** DATASET RECORDS **

++++++++++

lemma cspanE:
  assumes "v \<in> cspan n S"
  obtains k c and w :: "nat \<Rightarrow> complex vec" where "\<forall>i<k. w i \<in> S" "v = vec n (\<lambda>a. \<Sum>i<k. c i * w i $ a)"
  using assms unfolding cspan_def by blast

lemma mult_mat_vec_image_cspan:
  fixes M :: "complex mat"
  assumes "M \<in> carrier_mat m N" "S \<subseteq> carrier_vec N"
  shows "(\<lambda>y. M *\<^sub>v y) ` cspan N S = cspan m ((\<lambda>y. M *\<^sub>v y) ` S)"
proof (intro equalityI subsetI)
  fix u assume "u \<in> (\<lambda>y. M *\<^sub>v y) ` cspan N S"
  then obtain v where v_in: "v \<in> cspan N S" and u: "u = M *\<^sub>v v" by blast
  from v_in obtain k c and w :: "nat \<Rightarrow> complex vec"
    where w: "\<forall>i<k. w i \<in> S" and v: "v = vec N (\<lambda>a. \<Sum>i<k. c i * w i $ a)"
    by (blast elim: cspanE)
  have "\<forall>i<k. w i \<in> carrier_vec N" using w assms(2) by blast
  then have "u = vec m (\<lambda>b. \<Sum>i<k. c i * (M *\<^sub>v w i) $ b)"
    unfolding u v by (rule mult_mat_vec_lincomb[OF assms(1)])
  then show "u \<in> cspan m ((\<lambda>y. M *\<^sub>v y) ` S)"
    using cspan_lincomb[of k "\<lambda>i. M *\<^sub>v w i"] w by simp
next
  fix u assume "u \<in> cspan m ((\<lambda>y. M *\<^sub>v y) ` S)"
  then obtain k c and w' :: "nat \<Rightarrow> complex vec" where w': "\<forall>i<k. w' i \<in> (\<lambda>y. M *\<^sub>v y) ` S"
    and u: "u = vec m (\<lambda>b. \<Sum>i<k. c i * w' i $ b)"
    by (blast elim: cspanE)
  have "\<exists>w. \<forall>i. i < k \<longrightarrow> w i \<in> S \<and> w' i = M *\<^sub>v w i"
    by (rule choice) (use w' in blast)
  then obtain w where w: "\<forall>i<k. w i \<in> S" "\<forall>i<k. w' i = M *\<^sub>v w i" by blast
  have carrier: "\<forall>i<k. w i \<in> carrier_vec N" using w(1) assms(2) by blast
  have "M *\<^sub>v vec N (\<lambda>a. \<Sum>i<k. c i * w i $ a) = u"
    unfolding u mult_mat_vec_lincomb[OF assms(1) carrier] using w(2) by simp
  then show "u \<in> (\<lambda>y. M *\<^sub>v y) ` cspan N S"
    using cspan_lincomb[OF w(1)] by blast
qed

lemma not_mp_eigenvalue_dim_0: "\<not> mp_eigenvalue 0 d C lam"
  unfolding mp_eigenvalue_def by (metis carrier_vecD vec_of_dim_0)

lemma not_mp_eigenvalue_degree_0:
  assumes "det (mp_eval n 0 A z) \<noteq> 0"
  shows "\<not> mp_eigenvalue n 0 A lam"
proof
  assume "mp_eigenvalue n 0 A lam"
  then obtain x where "x \<in> carrier_vec n" "x \<noteq> 0\<^sub>v n" "mp_eval n 0 A lam *\<^sub>v x = 0\<^sub>v n"
    unfolding mp_eigenvalue_def by blast
  moreover have "mp_eval n 0 A lam = mp_eval n 0 A z" by (simp add: mp_eval_def)
  ultimately have "det (mp_eval n 0 A z) = 0"
    unfolding det_0_iff_vec_prod_zero[OF mp_eval_carrier] by auto
  with assms show False ..
qed

theorem theorem2p1:
  fixes n d :: nat and A :: "nat \<Rightarrow> complex mat" and \<Gamma> :: "real \<Rightarrow> complex"
  assumes "\<forall>j\<le>d. A j \<in> carrier_mat n n"
    and "A d \<noteq> 0\<^sub>m n n"
    and "\<exists>z. det (mp_eval n d A z) \<noteq> 0"
    and "valid_path \<Gamma>" and "simple_path \<Gamma>" and "pathfinish \<Gamma> = pathstart \<Gamma>"
    and "\<forall>z. z \<notin> path_image \<Gamma> \<longrightarrow> winding_number \<Gamma> z = 0 \<or> winding_number \<Gamma> z = 1"
    and "\<forall>z\<in>path_image \<Gamma>. \<not> mp_eigenvalue n d A z"
  shows "right_alg_eigenspace n d A (enclosed_by \<Gamma>) =
           (\<lambda>y. sel_first n d *\<^sub>v y) `
             right_alg_eigenspace (n*d) 1 (pencil_coeffs (comp_A n d A) (comp_B n d A)) (enclosed_by \<Gamma>) \<and>
         left_alg_eigenspace n d A (enclosed_by \<Gamma>) =
           (\<lambda>y. sel_last n d *\<^sub>v y) `
             left_alg_eigenspace (n*d) 1 (pencil_coeffs (comp_A n d A) (comp_B n d A)) (enclosed_by \<Gamma>)"
proof -
  \<comment> \<open>Chains correspond eigenvalue by eigenvalue, so the contour only names the set of eigenvalues;
    of the hypotheses only the regularity of \<open>P\<close> is needed, and only when \<open>d = 0\<close>.\<close>
  let ?Z = "enclosed_by \<Gamma>"
  have "(\<lambda>y. sel_first n d *\<^sub>v y) ` right_generalized_eigenvectors (n*d) 1 (companion_pencil n d A) ?Z =
      right_generalized_eigenvectors n d A ?Z \<and>
    (\<lambda>y. sel_last n d *\<^sub>v y) ` left_generalized_eigenvectors (n*d) 1 (companion_pencil n d A) ?Z =
      left_generalized_eigenvectors n d A ?Z"
  proof (cases "d = 0")
    case True
    with assms(3) show ?thesis
      by (auto simp: right_generalized_eigenvectors_def left_generalized_eigenvectors_def
          not_mp_eigenvalue_dim_0 not_mp_eigenvalue_degree_0)
  next
    case False
    then show ?thesis
      using right_generalized_eigenvectors_companion left_generalized_eigenvectors_companion by blast
  qed
  then show ?thesis
    unfolding right_alg_eigenspace_eq left_alg_eigenspace_eq
      mult_mat_vec_image_cspan[OF sel_first_carrier right_generalized_eigenvectors_carrier]
      mult_mat_vec_image_cspan[OF sel_last_carrier left_generalized_eigenvectors_carrier]
    by simp
qed

end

++++++++++

Line by line, write out the records above exactly.

** SOLUTION FOR THIS EXERCISE **
lemma cspanE:
  assumes "v \<in> cspan n S"
  obtains k c and w :: "nat \<Rightarrow> complex vec" where "\<forall>i<k. w i \<in> S" "v = vec n (\<lambda>a. \<Sum>i<k. c i * w i $ a)"
  using assms unfolding cspan_def by blast

lemma mult_mat_vec_image_cspan:
  fixes M :: "complex mat"
  assumes "M \<in> carrier_mat m N" "S \<subseteq> carrier_vec N"
  shows "(\<lambda>y. M *\<^sub>v y) ` cspan N S = cspan m ((\<lambda>y. M *\<^sub>v y) ` S)"
proof (intro equalityI subsetI)
  fix u assume "u \<in> (\<lambda>y. M *\<^sub>v y) ` cspan N S"
  then obtain v where v_in: "v \<in> cspan N S" and u: "u = M *\<^sub>v v" by blast
  from v_in obtain k c and w :: "nat \<Rightarrow> complex vec"
    where w: "\<forall>i<k. w i \<in> S" and v: "v = vec N (\<lambda>a. \<Sum>i<k. c i * w i $ a)"
    by (blast elim: cspanE)
  have "\<forall>i<k. w i \<in> carrier_vec N" using w assms(2) by blast
  then have "u = vec m (\<lambda>b. \<Sum>i<k. c i * (M *\<^sub>v w i) $ b)"
    unfolding u v by (rule mult_mat_vec_lincomb[OF assms(1)])
  then show "u \<in> cspan m ((\<lambda>y. M *\<^sub>v y) ` S)"
    using cspan_lincomb[of k "\<lambda>i. M *\<^sub>v w i"] w by simp
next
  fix u assume "u \<in> cspan m ((\<lambda>y. M *\<^sub>v y) ` S)"
  then obtain k c and w' :: "nat \<Rightarrow> complex vec" where w': "\<forall>i<k. w' i \<in> (\<lambda>y. M *\<^sub>v y) ` S"
    and u: "u = vec m (\<lambda>b. \<Sum>i<k. c i * w' i $ b)"
    by (blast elim: cspanE)
  have "\<exists>w. \<forall>i. i < k \<longrightarrow> w i \<in> S \<and> w' i = M *\<^sub>v w i"
    by (rule choice) (use w' in blast)
  then obtain w where w: "\<forall>i<k. w i \<in> S" "\<forall>i<k. w' i = M *\<^sub>v w i" by blast
  have carrier: "\<forall>i<k. w i \<in> carrier_vec N" using w(1) assms(2) by blast
  have "M *\<^sub>v vec N (\<lambda>a. \<Sum>i<k. c i * w i $ a) = u"
    unfolding u mult_mat_vec_lincomb[OF assms(1) carrier] using w(2) by simp
  then show "u \<in> (\<lambda>y. M *\<^sub>v y) ` cspan N S"
    using cspan_lincomb[OF w(1)] by blast
qed

lemma not_mp_eigenvalue_dim_0: "\<not> mp_eigenvalue 0 d C lam"
  unfolding mp_eigenvalue_def by (metis carrier_vecD vec_of_dim_0)

lemma not_mp_eigenvalue_degree_0:
  assumes "det (mp_eval n 0 A z) \<noteq> 0"
  shows "\<not> mp_eigenvalue n 0 A lam"
proof
  assume "mp_eigenvalue n 0 A lam"
  then obtain x where "x \<in> carrier_vec n" "x \<noteq> 0\<^sub>v n" "mp_eval n 0 A lam *\<^sub>v x = 0\<^sub>v n"
    unfolding mp_eigenvalue_def by blast
  moreover have "mp_eval n 0 A lam = mp_eval n 0 A z" by (simp add: mp_eval_def)
  ultimately have "det (mp_eval n 0 A z) = 0"
    unfolding det_0_iff_vec_prod_zero[OF mp_eval_carrier] by auto
  with assms show False ..
qed

theorem theorem2p1:
  fixes n d :: nat and A :: "nat \<Rightarrow> complex mat" and \<Gamma> :: "real \<Rightarrow> complex"
  assumes "\<forall>j\<le>d. A j \<in> carrier_mat n n"
    and "A d \<noteq> 0\<^sub>m n n"
    and "\<exists>z. det (mp_eval n d A z) \<noteq> 0"
    and "valid_path \<Gamma>" and "simple_path \<Gamma>" and "pathfinish \<Gamma> = pathstart \<Gamma>"
    and "\<forall>z. z \<notin> path_image \<Gamma> \<longrightarrow> winding_number \<Gamma> z = 0 \<or> winding_number \<Gamma> z = 1"
    and "\<forall>z\<in>path_image \<Gamma>. \<not> mp_eigenvalue n d A z"
  shows "right_alg_eigenspace n d A (enclosed_by \<Gamma>) =
           (\<lambda>y. sel_first n d *\<^sub>v y) `
             right_alg_eigenspace (n*d) 1 (pencil_coeffs (comp_A n d A) (comp_B n d A)) (enclosed_by \<Gamma>) \<and>
         left_alg_eigenspace n d A (enclosed_by \<Gamma>) =
           (\<lambda>y. sel_last n d *\<^sub>v y) `
             left_alg_eigenspace (n*d) 1 (pencil_coeffs (comp_A n d A) (comp_B n d A)) (enclosed_by \<Gamma>)"
proof -
  \<comment> \<open>Chains correspond eigenvalue by eigenvalue, so the contour only names the set of eigenvalues;
    of the hypotheses only the regularity of \<open>P\<close> is needed, and only when \<open>d = 0\<close>.\<close>
  let ?Z = "enclosed_by \<Gamma>"
  have "(\<lambda>y. sel_first n d *\<^sub>v y) ` right_generalized_eigenvectors (n*d) 1 (companion_pencil n d A) ?Z =
      right_generalized_eigenvectors n d A ?Z \<and>
    (\<lambda>y. sel_last n d *\<^sub>v y) ` left_generalized_eigenvectors (n*d) 1 (companion_pencil n d A) ?Z =
      left_generalized_eigenvectors n d A ?Z"
  proof (cases "d = 0")
    case True
    with assms(3) show ?thesis
      by (auto simp: right_generalized_eigenvectors_def left_generalized_eigenvectors_def
          not_mp_eigenvalue_dim_0 not_mp_eigenvalue_degree_0)
  next
    case False
    then show ?thesis
      using right_generalized_eigenvectors_companion left_generalized_eigenvectors_companion by blast
  qed
  then show ?thesis
    unfolding right_alg_eigenspace_eq left_alg_eigenspace_eq
      mult_mat_vec_image_cspan[OF sel_first_carrier right_generalized_eigenvectors_carrier]
      mult_mat_vec_image_cspan[OF sel_last_carrier left_generalized_eigenvectors_carrier]
    by simp
qed

end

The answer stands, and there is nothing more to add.